# Source information
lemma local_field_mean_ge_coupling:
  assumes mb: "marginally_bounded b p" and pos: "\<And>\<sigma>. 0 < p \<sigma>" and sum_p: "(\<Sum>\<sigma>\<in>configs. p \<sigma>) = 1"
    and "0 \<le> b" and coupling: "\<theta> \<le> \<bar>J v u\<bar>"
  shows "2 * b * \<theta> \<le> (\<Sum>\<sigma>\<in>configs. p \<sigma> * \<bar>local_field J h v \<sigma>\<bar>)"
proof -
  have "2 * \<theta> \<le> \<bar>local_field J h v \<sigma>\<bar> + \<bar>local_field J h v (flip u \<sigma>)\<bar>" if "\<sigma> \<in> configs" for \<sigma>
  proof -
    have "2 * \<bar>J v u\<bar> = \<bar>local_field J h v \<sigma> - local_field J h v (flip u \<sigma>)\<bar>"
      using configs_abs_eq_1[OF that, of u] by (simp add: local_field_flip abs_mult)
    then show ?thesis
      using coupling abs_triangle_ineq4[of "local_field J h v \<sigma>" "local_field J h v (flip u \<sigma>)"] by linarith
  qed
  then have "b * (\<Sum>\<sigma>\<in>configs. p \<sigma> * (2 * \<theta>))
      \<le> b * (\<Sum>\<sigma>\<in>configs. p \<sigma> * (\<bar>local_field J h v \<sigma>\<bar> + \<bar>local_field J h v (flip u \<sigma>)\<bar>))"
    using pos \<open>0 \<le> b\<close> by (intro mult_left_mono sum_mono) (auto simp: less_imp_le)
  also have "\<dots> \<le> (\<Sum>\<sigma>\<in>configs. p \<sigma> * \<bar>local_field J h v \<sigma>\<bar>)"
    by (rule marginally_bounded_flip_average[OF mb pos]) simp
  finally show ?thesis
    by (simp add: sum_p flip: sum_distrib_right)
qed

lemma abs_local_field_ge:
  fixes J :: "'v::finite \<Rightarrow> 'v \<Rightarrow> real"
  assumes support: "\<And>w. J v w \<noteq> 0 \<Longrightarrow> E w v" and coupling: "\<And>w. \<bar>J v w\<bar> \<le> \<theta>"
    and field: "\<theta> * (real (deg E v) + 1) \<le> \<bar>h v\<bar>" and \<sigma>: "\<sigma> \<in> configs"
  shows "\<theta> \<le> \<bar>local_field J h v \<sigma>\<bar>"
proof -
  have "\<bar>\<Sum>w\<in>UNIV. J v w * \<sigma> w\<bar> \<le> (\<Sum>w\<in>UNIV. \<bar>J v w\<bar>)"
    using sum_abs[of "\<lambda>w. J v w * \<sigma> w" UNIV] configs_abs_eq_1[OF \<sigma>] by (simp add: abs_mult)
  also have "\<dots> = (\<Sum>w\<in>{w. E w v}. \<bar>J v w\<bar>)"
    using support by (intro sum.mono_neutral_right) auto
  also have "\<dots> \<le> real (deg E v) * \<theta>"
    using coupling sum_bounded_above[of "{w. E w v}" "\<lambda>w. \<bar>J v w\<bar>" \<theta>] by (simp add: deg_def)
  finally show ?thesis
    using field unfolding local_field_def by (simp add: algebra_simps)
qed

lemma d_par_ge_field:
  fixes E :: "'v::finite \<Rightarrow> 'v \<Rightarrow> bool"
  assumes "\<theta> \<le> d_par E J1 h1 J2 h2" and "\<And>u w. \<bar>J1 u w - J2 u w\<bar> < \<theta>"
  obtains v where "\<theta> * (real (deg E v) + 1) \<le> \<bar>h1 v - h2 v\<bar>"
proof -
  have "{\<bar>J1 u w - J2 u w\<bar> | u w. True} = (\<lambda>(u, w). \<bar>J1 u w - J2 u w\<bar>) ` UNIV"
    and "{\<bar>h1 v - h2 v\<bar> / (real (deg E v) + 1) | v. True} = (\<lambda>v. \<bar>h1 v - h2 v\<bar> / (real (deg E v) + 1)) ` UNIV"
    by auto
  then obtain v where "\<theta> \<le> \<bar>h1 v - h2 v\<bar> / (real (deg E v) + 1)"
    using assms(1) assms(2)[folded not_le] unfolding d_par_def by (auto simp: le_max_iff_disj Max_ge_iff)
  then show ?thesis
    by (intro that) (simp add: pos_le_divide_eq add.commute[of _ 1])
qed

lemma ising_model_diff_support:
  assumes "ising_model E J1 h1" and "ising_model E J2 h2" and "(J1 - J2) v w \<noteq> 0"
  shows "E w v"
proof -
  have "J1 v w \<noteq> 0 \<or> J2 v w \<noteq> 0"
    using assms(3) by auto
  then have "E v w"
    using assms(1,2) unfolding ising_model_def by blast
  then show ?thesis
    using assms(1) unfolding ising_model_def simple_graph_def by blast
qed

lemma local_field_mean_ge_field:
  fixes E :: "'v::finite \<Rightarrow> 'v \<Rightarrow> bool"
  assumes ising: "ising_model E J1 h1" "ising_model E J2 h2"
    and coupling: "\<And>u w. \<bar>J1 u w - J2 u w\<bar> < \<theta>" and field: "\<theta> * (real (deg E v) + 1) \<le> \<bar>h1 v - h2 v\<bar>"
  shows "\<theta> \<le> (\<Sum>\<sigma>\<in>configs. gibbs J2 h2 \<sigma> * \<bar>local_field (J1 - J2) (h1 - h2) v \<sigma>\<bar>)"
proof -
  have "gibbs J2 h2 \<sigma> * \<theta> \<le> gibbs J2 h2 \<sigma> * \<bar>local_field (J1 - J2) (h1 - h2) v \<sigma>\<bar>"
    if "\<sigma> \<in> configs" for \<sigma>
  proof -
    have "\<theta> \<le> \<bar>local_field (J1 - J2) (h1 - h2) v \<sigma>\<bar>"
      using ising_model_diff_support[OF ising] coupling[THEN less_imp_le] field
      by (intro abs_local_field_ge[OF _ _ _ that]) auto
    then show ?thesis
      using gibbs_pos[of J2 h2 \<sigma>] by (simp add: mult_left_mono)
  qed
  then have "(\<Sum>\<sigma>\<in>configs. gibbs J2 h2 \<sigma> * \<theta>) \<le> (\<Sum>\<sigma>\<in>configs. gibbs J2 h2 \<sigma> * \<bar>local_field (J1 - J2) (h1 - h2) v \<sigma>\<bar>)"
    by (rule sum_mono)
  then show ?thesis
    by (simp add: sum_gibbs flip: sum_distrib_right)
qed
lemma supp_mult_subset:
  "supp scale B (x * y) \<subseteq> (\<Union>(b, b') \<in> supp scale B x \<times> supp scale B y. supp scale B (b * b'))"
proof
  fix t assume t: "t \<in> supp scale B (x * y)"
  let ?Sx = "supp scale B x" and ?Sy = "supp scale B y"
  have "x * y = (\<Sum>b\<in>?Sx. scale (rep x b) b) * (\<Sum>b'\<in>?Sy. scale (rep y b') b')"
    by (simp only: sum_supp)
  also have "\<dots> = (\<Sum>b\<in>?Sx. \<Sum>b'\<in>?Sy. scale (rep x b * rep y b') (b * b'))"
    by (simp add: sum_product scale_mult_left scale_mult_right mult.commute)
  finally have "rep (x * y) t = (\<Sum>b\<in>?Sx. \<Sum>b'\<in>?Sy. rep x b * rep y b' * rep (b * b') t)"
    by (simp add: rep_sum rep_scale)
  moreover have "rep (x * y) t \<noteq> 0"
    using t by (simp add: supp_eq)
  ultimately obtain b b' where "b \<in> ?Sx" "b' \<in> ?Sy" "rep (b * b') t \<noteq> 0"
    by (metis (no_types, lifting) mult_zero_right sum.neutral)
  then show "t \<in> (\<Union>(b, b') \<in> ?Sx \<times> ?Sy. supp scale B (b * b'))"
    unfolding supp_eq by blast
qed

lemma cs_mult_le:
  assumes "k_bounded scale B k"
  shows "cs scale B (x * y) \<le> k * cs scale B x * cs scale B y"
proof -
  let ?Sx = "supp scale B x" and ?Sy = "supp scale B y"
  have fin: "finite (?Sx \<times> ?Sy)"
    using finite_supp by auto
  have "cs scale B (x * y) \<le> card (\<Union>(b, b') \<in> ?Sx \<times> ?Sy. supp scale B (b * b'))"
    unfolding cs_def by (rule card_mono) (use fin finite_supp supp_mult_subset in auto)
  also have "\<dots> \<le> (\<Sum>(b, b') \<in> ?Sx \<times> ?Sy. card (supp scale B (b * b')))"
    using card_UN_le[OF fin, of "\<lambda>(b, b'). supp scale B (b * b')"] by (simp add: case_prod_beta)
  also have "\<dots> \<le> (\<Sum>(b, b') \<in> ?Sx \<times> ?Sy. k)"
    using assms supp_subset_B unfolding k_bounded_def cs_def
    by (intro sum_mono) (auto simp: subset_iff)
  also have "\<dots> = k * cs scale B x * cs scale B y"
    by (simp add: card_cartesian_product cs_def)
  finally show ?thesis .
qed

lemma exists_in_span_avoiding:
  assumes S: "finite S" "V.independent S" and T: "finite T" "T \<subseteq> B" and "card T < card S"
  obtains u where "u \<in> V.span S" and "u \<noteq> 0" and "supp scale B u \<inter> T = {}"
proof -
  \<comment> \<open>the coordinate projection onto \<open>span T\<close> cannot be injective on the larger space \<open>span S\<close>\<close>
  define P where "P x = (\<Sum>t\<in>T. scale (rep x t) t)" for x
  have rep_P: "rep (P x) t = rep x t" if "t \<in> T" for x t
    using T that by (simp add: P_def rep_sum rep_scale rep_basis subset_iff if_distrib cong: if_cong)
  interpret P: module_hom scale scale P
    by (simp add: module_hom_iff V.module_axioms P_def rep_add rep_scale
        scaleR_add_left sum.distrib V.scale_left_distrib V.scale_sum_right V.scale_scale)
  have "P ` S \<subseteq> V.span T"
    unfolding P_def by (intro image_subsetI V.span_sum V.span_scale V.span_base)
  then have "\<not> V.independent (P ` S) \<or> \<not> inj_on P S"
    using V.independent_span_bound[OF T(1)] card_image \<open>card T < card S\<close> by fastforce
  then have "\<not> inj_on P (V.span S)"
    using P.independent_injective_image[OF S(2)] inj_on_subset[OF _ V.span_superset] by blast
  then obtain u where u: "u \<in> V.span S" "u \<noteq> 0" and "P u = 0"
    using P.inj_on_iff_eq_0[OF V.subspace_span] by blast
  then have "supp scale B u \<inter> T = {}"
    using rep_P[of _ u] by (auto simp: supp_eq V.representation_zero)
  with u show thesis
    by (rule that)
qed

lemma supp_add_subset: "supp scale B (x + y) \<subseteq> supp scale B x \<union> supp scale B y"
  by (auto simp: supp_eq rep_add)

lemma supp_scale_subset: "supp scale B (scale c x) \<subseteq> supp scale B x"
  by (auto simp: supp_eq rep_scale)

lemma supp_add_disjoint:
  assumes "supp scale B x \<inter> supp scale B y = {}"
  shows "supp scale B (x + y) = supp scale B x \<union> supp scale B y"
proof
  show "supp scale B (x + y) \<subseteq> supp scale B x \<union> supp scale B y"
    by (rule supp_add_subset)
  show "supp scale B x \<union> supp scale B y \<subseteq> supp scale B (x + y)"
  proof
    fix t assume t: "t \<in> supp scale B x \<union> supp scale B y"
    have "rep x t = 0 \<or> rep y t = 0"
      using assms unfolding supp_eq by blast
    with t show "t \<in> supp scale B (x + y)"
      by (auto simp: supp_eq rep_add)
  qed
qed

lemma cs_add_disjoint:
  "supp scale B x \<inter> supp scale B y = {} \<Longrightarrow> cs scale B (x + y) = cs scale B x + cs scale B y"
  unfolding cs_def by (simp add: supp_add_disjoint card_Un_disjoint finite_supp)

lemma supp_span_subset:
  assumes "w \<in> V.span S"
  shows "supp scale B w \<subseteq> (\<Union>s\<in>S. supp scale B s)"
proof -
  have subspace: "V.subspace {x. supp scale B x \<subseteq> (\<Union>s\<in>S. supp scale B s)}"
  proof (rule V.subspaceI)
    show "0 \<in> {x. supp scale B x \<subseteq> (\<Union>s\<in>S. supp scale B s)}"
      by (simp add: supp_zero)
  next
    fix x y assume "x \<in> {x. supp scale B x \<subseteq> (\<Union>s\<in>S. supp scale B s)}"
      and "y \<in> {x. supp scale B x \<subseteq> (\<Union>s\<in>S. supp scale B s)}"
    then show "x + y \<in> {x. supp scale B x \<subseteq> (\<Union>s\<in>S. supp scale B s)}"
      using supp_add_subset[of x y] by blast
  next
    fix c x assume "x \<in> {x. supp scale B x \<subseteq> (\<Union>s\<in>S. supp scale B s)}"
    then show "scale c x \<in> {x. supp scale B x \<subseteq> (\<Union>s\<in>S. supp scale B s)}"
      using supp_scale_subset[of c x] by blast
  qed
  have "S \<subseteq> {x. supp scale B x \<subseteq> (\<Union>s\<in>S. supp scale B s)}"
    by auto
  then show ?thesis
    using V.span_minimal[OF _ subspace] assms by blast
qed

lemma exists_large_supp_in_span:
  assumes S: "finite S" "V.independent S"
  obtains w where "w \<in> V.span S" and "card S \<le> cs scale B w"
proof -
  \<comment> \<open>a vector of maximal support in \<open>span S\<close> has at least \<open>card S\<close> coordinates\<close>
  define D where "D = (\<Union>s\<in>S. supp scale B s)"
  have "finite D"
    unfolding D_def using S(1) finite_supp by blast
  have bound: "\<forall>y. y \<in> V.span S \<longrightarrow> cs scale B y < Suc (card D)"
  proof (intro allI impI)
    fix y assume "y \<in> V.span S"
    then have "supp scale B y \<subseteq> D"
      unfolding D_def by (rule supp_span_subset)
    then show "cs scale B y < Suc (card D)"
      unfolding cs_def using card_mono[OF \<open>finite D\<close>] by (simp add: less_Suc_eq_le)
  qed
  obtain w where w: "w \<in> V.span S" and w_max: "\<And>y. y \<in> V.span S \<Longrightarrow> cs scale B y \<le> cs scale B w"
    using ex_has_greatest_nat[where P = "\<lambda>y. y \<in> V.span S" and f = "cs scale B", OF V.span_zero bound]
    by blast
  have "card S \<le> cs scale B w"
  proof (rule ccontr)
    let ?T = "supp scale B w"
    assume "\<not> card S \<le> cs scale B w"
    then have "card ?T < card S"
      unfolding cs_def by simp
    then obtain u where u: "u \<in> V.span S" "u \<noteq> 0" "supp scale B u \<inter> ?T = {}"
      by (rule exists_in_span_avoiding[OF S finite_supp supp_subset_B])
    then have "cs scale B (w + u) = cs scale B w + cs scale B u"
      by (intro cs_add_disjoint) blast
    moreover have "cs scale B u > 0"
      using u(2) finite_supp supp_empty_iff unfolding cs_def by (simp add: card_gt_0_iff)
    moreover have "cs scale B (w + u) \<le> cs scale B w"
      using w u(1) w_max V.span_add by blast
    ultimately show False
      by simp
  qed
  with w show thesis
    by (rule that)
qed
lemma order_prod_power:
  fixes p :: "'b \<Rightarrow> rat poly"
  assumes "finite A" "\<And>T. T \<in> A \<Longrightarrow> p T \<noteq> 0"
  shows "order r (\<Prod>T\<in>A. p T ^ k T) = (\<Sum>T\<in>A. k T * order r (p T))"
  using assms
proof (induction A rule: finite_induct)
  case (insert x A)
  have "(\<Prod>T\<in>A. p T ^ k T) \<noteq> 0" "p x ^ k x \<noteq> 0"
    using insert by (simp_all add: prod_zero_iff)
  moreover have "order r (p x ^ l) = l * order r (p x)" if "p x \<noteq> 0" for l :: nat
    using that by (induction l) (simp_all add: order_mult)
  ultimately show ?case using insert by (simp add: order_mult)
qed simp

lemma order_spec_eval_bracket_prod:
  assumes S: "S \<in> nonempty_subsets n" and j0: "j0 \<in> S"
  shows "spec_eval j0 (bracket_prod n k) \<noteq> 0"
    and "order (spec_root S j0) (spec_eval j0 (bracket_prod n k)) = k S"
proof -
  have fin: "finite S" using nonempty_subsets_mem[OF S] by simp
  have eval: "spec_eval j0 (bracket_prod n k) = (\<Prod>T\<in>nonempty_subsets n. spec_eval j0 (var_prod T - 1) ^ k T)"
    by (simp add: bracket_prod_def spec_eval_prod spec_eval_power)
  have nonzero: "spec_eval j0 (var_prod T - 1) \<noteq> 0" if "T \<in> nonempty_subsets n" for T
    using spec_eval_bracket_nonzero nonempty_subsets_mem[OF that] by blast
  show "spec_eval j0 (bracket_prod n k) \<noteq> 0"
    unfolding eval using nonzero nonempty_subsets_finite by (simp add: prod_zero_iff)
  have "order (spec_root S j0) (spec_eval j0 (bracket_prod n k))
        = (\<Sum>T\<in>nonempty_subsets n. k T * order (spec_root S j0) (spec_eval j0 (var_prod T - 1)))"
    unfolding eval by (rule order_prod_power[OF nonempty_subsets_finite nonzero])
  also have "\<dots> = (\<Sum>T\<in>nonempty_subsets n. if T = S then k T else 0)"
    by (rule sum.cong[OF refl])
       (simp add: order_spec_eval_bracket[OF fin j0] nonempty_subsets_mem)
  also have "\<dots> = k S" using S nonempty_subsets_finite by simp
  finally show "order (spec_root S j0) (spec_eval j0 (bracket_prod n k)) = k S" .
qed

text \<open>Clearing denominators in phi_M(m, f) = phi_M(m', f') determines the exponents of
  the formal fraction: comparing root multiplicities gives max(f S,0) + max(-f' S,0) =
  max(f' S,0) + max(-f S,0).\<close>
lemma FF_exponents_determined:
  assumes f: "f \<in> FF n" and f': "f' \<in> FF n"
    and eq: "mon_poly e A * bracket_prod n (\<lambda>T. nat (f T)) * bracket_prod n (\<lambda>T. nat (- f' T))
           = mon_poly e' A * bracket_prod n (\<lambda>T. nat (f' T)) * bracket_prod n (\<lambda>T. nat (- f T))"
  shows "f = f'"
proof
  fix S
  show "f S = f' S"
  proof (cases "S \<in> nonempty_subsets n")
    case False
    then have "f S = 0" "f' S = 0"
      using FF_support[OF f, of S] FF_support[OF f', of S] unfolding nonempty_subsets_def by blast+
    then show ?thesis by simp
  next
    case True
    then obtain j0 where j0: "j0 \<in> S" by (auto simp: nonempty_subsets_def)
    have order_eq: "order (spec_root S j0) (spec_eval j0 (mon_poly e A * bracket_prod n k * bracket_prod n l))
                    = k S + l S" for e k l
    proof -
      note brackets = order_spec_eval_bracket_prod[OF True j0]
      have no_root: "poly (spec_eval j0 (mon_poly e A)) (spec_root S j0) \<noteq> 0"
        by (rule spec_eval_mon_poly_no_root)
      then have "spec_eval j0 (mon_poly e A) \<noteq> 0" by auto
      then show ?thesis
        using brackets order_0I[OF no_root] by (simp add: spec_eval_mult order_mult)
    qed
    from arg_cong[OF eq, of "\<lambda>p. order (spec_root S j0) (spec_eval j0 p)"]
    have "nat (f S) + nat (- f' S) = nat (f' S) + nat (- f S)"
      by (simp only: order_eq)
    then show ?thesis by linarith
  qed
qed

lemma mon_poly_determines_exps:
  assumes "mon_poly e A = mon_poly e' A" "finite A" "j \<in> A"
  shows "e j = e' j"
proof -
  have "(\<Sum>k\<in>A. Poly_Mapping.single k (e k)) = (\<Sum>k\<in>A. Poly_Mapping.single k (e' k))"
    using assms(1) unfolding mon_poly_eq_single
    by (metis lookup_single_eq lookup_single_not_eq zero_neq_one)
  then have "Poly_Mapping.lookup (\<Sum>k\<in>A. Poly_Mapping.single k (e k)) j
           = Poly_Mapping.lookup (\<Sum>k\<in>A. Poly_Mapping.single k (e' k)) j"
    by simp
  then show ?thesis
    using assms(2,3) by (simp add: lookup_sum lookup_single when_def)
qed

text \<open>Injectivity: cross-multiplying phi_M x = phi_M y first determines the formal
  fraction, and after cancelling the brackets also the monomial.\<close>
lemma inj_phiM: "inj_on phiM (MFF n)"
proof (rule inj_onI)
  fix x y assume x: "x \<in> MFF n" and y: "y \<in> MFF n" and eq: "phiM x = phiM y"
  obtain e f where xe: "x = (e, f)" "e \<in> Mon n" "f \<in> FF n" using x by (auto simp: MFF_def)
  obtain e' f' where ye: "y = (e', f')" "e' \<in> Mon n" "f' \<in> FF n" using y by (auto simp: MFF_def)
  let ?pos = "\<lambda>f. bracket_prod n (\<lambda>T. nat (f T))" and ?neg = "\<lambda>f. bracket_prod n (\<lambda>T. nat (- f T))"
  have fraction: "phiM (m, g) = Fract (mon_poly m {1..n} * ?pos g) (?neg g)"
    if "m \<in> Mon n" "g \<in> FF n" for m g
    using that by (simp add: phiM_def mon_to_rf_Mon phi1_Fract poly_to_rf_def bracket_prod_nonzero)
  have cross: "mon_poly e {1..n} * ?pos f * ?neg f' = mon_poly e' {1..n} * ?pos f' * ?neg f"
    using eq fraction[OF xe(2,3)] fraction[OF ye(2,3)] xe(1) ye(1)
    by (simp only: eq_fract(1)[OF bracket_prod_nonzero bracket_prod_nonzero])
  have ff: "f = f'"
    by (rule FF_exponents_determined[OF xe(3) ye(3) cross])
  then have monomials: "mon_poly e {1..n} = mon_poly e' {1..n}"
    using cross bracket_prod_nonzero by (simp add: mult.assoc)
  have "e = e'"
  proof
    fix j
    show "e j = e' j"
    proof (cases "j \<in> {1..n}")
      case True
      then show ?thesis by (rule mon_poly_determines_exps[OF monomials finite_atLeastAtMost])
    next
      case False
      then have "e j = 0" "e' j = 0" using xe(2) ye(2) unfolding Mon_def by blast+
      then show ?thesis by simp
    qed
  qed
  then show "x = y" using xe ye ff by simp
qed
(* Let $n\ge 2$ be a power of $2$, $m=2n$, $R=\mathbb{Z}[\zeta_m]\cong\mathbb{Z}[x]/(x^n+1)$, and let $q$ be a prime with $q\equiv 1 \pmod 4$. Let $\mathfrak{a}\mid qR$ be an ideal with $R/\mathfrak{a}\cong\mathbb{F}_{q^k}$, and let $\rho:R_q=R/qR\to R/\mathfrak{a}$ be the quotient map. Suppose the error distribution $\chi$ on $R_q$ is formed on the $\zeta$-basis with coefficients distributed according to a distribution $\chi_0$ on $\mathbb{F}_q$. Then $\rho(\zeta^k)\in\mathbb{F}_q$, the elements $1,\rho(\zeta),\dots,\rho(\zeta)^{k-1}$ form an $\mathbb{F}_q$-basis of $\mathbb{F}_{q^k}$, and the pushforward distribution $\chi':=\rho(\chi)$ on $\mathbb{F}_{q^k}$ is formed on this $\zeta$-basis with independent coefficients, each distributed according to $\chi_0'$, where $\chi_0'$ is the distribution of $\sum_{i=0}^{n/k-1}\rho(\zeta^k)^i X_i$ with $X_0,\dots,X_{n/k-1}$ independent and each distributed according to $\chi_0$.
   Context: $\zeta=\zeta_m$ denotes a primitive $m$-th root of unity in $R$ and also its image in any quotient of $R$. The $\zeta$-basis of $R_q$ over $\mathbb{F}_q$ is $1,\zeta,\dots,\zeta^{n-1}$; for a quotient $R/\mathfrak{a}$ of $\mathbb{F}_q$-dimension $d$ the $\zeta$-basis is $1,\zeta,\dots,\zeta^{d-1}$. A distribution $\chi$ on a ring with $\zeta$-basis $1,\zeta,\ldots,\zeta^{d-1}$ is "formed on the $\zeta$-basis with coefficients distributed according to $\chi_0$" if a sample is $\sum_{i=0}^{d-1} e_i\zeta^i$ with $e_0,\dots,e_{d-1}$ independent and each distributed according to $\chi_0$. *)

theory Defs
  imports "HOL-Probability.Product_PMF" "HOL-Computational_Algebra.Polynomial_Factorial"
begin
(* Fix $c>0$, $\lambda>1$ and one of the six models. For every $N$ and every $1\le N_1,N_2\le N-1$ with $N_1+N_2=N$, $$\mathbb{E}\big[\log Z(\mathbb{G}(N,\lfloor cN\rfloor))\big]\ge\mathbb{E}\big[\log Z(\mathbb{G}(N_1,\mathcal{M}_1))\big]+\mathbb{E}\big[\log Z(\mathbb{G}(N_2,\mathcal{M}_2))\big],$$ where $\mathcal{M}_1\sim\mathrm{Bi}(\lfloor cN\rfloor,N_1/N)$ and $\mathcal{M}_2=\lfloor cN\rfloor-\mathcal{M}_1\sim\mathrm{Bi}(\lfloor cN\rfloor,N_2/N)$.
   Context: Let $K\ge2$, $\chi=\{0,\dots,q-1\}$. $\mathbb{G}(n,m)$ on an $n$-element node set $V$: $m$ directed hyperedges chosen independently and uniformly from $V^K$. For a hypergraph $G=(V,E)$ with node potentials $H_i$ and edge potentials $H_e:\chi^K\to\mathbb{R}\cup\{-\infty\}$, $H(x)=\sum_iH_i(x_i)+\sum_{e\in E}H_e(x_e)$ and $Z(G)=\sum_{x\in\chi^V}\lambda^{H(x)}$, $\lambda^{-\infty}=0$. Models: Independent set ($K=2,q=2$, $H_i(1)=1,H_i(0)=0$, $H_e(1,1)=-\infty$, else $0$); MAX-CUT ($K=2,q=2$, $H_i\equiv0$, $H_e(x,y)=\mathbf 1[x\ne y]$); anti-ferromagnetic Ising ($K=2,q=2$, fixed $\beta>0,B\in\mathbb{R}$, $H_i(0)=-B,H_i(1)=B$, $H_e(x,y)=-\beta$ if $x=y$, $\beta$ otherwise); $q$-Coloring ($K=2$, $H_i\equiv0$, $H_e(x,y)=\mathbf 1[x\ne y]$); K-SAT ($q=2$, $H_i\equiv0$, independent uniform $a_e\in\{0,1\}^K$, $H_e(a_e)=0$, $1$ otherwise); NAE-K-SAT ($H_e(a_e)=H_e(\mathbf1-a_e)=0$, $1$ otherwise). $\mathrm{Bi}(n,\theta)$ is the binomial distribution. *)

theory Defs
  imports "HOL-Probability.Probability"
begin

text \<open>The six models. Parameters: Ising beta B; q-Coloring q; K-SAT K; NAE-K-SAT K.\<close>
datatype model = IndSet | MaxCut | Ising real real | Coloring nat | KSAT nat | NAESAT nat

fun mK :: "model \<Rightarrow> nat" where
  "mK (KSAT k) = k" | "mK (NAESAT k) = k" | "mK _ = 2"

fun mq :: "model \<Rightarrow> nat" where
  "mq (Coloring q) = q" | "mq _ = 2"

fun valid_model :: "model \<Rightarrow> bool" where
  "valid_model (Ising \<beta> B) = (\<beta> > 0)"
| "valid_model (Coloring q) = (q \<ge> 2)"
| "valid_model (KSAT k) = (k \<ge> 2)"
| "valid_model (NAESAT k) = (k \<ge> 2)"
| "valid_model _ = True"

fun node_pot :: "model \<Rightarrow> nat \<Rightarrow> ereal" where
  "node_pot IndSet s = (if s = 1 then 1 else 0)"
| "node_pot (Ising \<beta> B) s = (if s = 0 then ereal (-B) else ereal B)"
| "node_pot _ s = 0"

# Requirement
Your answer should be every line above that contains the word "monomials".

# Answer for the task
  then have monomials: "mon_poly e {1..n} = mon_poly e' {1..n}"
      then show ?thesis by (rule mon_poly_determines_exps[OF monomials finite_atLeastAtMost])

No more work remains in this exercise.